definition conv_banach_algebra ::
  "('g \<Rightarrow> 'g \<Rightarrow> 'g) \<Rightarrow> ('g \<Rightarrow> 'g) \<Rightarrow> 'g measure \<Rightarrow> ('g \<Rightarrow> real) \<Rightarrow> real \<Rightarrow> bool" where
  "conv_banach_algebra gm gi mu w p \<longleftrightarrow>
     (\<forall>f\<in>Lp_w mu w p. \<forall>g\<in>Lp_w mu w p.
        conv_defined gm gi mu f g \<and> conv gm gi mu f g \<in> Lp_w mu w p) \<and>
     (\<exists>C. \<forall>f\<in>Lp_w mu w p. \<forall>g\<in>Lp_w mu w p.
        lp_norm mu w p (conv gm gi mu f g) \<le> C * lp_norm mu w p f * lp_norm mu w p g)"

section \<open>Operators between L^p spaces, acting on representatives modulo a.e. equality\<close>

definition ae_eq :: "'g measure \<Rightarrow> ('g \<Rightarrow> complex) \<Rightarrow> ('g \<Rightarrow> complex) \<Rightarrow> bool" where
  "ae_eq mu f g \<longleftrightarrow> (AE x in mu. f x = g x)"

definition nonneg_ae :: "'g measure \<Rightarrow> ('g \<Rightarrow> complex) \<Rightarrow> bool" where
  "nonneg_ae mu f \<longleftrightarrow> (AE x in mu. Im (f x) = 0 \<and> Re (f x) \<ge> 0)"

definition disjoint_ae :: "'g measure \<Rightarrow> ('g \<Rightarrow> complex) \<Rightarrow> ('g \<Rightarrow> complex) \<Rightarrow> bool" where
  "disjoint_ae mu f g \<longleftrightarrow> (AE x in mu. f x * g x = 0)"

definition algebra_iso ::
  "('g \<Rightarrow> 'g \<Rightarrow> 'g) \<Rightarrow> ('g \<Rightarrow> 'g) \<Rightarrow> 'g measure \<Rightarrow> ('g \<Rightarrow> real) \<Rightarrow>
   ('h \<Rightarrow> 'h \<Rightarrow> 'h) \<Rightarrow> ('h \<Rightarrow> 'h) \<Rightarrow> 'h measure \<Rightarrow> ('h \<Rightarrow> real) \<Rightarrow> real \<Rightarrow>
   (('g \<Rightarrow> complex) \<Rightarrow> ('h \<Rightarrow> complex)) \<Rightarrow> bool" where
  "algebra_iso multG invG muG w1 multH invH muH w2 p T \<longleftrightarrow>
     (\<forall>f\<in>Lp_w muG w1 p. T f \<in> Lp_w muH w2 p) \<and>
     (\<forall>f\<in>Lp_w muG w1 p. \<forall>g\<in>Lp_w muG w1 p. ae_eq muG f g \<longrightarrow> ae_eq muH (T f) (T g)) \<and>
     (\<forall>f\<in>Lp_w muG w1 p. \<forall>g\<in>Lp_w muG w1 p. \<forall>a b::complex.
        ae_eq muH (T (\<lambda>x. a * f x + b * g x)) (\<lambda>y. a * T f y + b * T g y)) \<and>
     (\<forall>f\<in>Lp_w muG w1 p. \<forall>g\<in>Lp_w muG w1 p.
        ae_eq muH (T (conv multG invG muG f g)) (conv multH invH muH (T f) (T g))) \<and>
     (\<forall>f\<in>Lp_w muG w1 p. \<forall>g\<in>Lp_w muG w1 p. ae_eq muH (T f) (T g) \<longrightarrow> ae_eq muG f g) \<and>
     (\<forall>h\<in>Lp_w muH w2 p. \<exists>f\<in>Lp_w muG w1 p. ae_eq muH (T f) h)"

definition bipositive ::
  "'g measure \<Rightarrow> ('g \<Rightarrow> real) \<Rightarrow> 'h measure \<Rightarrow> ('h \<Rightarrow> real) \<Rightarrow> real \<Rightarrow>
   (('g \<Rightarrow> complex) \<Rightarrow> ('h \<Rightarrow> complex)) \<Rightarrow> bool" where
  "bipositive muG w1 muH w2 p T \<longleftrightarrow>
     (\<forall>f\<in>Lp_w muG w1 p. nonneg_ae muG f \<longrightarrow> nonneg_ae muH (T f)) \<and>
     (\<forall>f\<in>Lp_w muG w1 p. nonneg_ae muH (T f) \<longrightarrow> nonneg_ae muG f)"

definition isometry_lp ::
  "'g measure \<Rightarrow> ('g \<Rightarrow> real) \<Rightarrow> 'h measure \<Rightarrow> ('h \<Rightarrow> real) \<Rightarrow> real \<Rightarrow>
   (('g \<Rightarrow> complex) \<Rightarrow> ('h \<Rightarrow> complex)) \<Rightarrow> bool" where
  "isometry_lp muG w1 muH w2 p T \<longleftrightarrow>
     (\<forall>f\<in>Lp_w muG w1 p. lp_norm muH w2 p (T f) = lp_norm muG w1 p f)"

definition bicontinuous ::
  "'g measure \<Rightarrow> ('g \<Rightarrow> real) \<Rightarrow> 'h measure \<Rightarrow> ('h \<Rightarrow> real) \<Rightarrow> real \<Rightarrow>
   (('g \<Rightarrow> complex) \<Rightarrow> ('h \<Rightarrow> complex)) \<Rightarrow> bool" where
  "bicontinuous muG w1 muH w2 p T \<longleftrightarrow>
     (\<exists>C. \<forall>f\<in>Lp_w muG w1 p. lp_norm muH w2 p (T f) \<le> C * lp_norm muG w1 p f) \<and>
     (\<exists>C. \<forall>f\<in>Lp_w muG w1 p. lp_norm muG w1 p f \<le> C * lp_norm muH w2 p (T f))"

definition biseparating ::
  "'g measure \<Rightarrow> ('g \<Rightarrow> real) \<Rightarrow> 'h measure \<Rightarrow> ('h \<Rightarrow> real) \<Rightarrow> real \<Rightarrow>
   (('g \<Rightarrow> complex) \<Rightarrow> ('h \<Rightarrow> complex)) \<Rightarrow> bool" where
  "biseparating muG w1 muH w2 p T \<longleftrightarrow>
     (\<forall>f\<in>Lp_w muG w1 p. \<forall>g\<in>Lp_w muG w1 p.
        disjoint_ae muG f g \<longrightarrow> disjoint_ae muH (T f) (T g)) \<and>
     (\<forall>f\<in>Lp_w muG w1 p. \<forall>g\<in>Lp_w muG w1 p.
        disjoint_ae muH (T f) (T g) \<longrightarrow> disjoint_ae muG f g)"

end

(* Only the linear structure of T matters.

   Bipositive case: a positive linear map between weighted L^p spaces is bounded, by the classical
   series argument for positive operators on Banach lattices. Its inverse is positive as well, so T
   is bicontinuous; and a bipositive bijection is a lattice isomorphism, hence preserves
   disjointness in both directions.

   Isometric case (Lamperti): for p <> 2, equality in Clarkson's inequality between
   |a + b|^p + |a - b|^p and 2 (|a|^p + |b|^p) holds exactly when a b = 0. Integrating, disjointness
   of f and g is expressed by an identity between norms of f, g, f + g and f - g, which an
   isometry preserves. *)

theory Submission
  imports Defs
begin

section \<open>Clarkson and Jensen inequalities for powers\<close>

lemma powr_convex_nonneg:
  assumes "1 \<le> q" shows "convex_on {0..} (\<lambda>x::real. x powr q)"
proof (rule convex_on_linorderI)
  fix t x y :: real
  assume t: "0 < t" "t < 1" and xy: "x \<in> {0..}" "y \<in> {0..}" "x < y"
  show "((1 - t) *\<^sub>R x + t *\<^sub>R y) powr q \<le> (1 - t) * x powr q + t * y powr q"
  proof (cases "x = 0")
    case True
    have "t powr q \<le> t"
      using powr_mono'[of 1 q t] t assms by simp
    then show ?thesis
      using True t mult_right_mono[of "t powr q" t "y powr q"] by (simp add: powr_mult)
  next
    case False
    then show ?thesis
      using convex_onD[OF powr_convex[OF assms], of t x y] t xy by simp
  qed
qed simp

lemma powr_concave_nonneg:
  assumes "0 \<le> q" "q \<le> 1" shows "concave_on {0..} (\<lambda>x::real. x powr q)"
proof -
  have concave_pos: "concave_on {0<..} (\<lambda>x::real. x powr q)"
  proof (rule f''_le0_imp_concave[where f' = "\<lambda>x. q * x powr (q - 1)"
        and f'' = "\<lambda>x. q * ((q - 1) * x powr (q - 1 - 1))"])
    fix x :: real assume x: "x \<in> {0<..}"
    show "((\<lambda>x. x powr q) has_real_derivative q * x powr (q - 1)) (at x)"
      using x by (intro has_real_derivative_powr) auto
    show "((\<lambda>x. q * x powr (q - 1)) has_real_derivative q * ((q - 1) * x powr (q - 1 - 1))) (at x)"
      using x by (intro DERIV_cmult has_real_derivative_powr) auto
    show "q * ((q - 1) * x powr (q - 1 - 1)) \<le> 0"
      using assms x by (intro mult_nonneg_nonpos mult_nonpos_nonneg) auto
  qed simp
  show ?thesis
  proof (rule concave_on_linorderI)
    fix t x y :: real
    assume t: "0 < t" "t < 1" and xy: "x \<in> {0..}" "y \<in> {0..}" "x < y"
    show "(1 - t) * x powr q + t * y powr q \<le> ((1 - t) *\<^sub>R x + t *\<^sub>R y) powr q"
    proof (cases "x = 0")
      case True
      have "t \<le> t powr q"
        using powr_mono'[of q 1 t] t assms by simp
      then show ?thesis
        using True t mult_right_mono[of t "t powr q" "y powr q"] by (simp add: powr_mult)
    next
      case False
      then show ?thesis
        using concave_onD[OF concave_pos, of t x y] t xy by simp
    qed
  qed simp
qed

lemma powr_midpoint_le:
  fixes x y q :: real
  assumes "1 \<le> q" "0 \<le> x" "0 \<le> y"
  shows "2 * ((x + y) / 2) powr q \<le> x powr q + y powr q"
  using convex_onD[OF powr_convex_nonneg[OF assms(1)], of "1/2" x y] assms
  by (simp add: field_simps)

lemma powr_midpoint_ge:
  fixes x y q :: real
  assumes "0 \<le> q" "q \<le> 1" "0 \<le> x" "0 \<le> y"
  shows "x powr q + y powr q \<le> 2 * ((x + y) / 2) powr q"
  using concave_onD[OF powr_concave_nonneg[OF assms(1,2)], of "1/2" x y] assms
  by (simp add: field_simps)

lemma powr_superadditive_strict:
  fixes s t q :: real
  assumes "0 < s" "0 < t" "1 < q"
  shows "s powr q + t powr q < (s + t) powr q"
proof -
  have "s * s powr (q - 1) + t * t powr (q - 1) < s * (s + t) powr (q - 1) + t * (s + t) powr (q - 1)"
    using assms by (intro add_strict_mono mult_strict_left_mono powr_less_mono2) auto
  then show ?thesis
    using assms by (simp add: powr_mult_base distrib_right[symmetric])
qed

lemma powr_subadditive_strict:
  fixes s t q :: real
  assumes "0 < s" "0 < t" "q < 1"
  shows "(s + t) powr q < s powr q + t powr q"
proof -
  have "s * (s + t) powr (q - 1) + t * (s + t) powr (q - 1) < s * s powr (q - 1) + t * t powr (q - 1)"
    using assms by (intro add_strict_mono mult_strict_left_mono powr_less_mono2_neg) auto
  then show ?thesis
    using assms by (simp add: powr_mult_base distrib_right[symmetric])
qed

» YOUR GOAL: Counting only lines that hold the string "auto", give the number of such lines in the records. Write nothing else.

» EXPECTED ANSWER: 5